Vengeful Queen (Violent Kingdom #2) - Lili St. Germain

PROLOGUE

AVERY

My father controls the state of California as if the entire, sprawling place is a dutiful dog, harnessed and ready to obey. One jerk on the leash, a single command, and Daddy Capulet gets anything he wants. Only, he isn’t asking corrupt politicians to sit or stay or roll over; he’s telling them which land development projects to approve, which cargo shipments to allow through customs unchecked, which shares to buy, which companies to bury in red tape and legalities. And sometimes, darker things. Sometimes, my father controls life and death.

He’s not a bad man. He’s not a good man, either. He exists in that gray area, in the last moment of night - in the first moment of dawn before the sun pushes up over the horizon. He stands at the edge of the shadows, directing the show, even if nobody can see him in the dark beyond the stage lights. All-powerful. All-consuming. A charming dictator, if ever there was one.

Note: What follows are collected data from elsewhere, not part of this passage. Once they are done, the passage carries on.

text \<open>A source of a wire: an input half-edge, or one of the two (ordered) outgoing
  half-edges of an internal vertex (False = first, True = second).
  A target of a wire: an output half-edge, or the unique incoming half-edge of a vertex.\<close>

datatype 'v src = SIn nat | SOut 'v bool
datatype 'v tgt = TOut nat | TIn 'v

text \<open>A diagram: finite vertex set together with the wiring, sending each source to the
  target it is glued to.\<close>

type_synonym 'v diag = "'v set \<times> ('v src \<Rightarrow> 'v tgt)"

definition sources :: "nat \<Rightarrow> 'v set \<Rightarrow> 'v src set" where
  "sources m V = SIn ` {..<m} \<union> {SOut v b | v b. v \<in> V}"

definition targets :: "nat \<Rightarrow> 'v set \<Rightarrow> 'v tgt set" where
  "targets n V = TOut ` {..<n} \<union> TIn ` V"

definition succ_rel :: "'v diag \<Rightarrow> ('v \<times> 'v) set" where
  "succ_rel G = {(v, u). v \<in> fst G \<and> u \<in> fst G \<and> (\<exists>b. snd G (SOut v b) = TIn u)}"

definition is_diag :: "nat \<Rightarrow> nat \<Rightarrow> 'v diag \<Rightarrow> bool" where
  "is_diag m n G \<longleftrightarrow> finite (fst G)
     \<and> bij_betw (snd G) (sources m (fst G)) (targets n (fst G))
     \<and> acyclic (succ_rel G)"

text \<open>Isomorphism of diagrams: a bijection of vertices preserving the wiring
  (boundary orders are preserved since boundary labels are fixed).\<close>

definition diag_iso :: "nat \<Rightarrow> 'v diag \<Rightarrow> 'w diag \<Rightarrow> bool" where
  "diag_iso m G H \<longleftrightarrow> (\<exists>\<phi>. bij_betw \<phi> (fst G) (fst H) \<and>
     (\<forall>s \<in> sources m (fst G). snd H (map_src \<phi> s) = map_tgt \<phi> (snd G s)))"

definition id_diag :: "nat \<Rightarrow> 'v diag" where
  "id_diag m = ({}, \<lambda>s. case s of SIn i \<Rightarrow> TOut i | SOut v b \<Rightarrow> TOut 0)"

definition sym_perm :: "nat \<Rightarrow> nat \<Rightarrow> nat \<Rightarrow> nat" where
  "sym_perm m n i = (if i < m then n + i else i - m)"

definition sym_diag :: "nat \<Rightarrow> nat \<Rightarrow> 'v diag" where
  "sym_diag m n = ({}, \<lambda>s. case s of SIn i \<Rightarrow> TOut (sym_perm m n i) | SOut v b \<Rightarrow> TOut 0)"

definition liftH :: "'w tgt \<Rightarrow> ('v + 'w) tgt" where
  "liftH t = (case t of TIn u \<Rightarrow> TIn (Inr u) | TOut k \<Rightarrow> TOut k)"

definition throughG :: "('w src \<Rightarrow> 'w tgt) \<Rightarrow> 'v tgt \<Rightarrow> ('v + 'w) tgt" where
  "throughG wH t = (case t of TIn v \<Rightarrow> TIn (Inl v) | TOut j \<Rightarrow> liftH (wH (SIn j)))"

text \<open>Composition H o G of G : m -> n and H : n -> p (outputs of G glued to inputs of H).\<close>

definition comp_diag :: "'v diag \<Rightarrow> 'w diag \<Rightarrow> ('v + 'w) diag" where
  "comp_diag G H = (Inl ` fst G \<union> Inr ` fst H,
     \<lambda>s. case s of
        SIn i \<Rightarrow> throughG (snd H) (snd G (SIn i))
      | SOut (Inl v) b \<Rightarrow> throughG (snd H) (snd G (SOut v b))
      | SOut (Inr u) b \<Rightarrow> liftH (snd H (SOut u b)))"

definition liftL :: "'v tgt \<Rightarrow> ('v + 'w) tgt" where
  "liftL t = (case t of TIn v \<Rightarrow> TIn (Inl v) | TOut j \<Rightarrow> TOut j)"

definition liftR :: "nat \<Rightarrow> 'w tgt \<Rightarrow> ('v + 'w) tgt" where
  "liftR n t = (case t of TIn u \<Rightarrow> TIn (Inr u) | TOut j \<Rightarrow> TOut (n + j))"

definition tensor_diag :: "nat \<Rightarrow> nat \<Rightarrow> 'v diag \<Rightarrow> 'w diag \<Rightarrow> ('v + 'w) diag" where
  "tensor_diag m n G H = (Inl ` fst G \<union> Inr ` fst H,
     \<lambda>s. case s of
        SIn i \<Rightarrow> (if i < m then liftL (snd G (SIn i)) else liftR n (snd H (SIn (i - m))))
      | SOut (Inl v) b \<Rightarrow> liftL (snd G (SOut v b))
      | SOut (Inr u) b \<Rightarrow> liftR n (snd H (SOut u b)))"

text \<open>Nodes of the underlying undirected graph |G|: pendant boundary vertices (Inl) and
  internal vertices (Inr).\<close>

definition src_node :: "'v src \<Rightarrow> (nat + nat) + 'v" where
  "src_node s = (case s of SIn i \<Rightarrow> Inl (Inl i) | SOut v b \<Rightarrow> Inr v)"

But what’s the point of owning the haystack if you can’t find the needle?

I am that needle.

His only surviving daughter. The reluctant heiress to an empire of unfathomable riches.

And nobody can find me.

I’ve been missing for weeks, stolen away on my twenty-fifth birthday, the night I was publicly betrothed to a man I hate. A man who was lined up to marry my older sister until she killed herself, ten years ago, and cemented my fate.

I don’t blame her. The burden of Queendom is heavy. In Adeline’s death, she passed her fledgling power to me. If I die now - which I’m beginning to think I will - there will be nobody to take my place. My father could have more children, I suppose - but my father might already be dead. I pray he survived the bullet wounds he suffered the night I was taken, a brutal diversion that had my bodyguards escort me to what they believed was safety - but what was actually an elaborately planned trap to capture me. A bag over my head, strong hands wrapped impossibly tight around my arms, and I was stolen before anyone even knew I was gone from the rooftop party where my father was still bleeding to death.

That’s how I came to be here, the prized possession of a serial killer. The XO killer, they call him. I know all about him because he’s been terrorizing the city of San Francisco, without detection, for almost ten years. I know all about him because, the night he took me, he painted an XO, his signature modus operandi, across my bare chest in my own blood.

Raped. Beaten. Starved.

Locked in a basement with my sworn enemy - the son of my father’s archnemesis - who just happens to be the first boy I ever loved.

Rome Montague.

He’s trapped down in this hellhole with me.

Shot. Stabbed. Tortured.

My blood and his might be opposites - his Montague to my Capulet - but in the dark, we both bleed just the same. There’s no real way to tell where his bloodshed ends, and mine begins. The bitter, broken heir who resides in this dungeon with me is my only constant. My only hope. My only protector.

I don’t deserve his salvation. I betrayed him once. I did something horrible to him. But for some reason, he still tries to keep me safe from our violent fate.

All the money in the world can’t save us now, because it’s not a ransom our captor is asking for. It’s our pain. Our blood. Our tears. He takes and takes, and just when I think there’s nothing left to take from us, when Rome and I are empty and bloodless and that this time I’ll stay unconscious, and sink into that velvety blackness of death...

I wake up.

And I’ve got to say, considering I’m the sole heiress to a vast fortune and the bloody throne it entails, I kind of thought there’d be a little more fanfare around my disappearance.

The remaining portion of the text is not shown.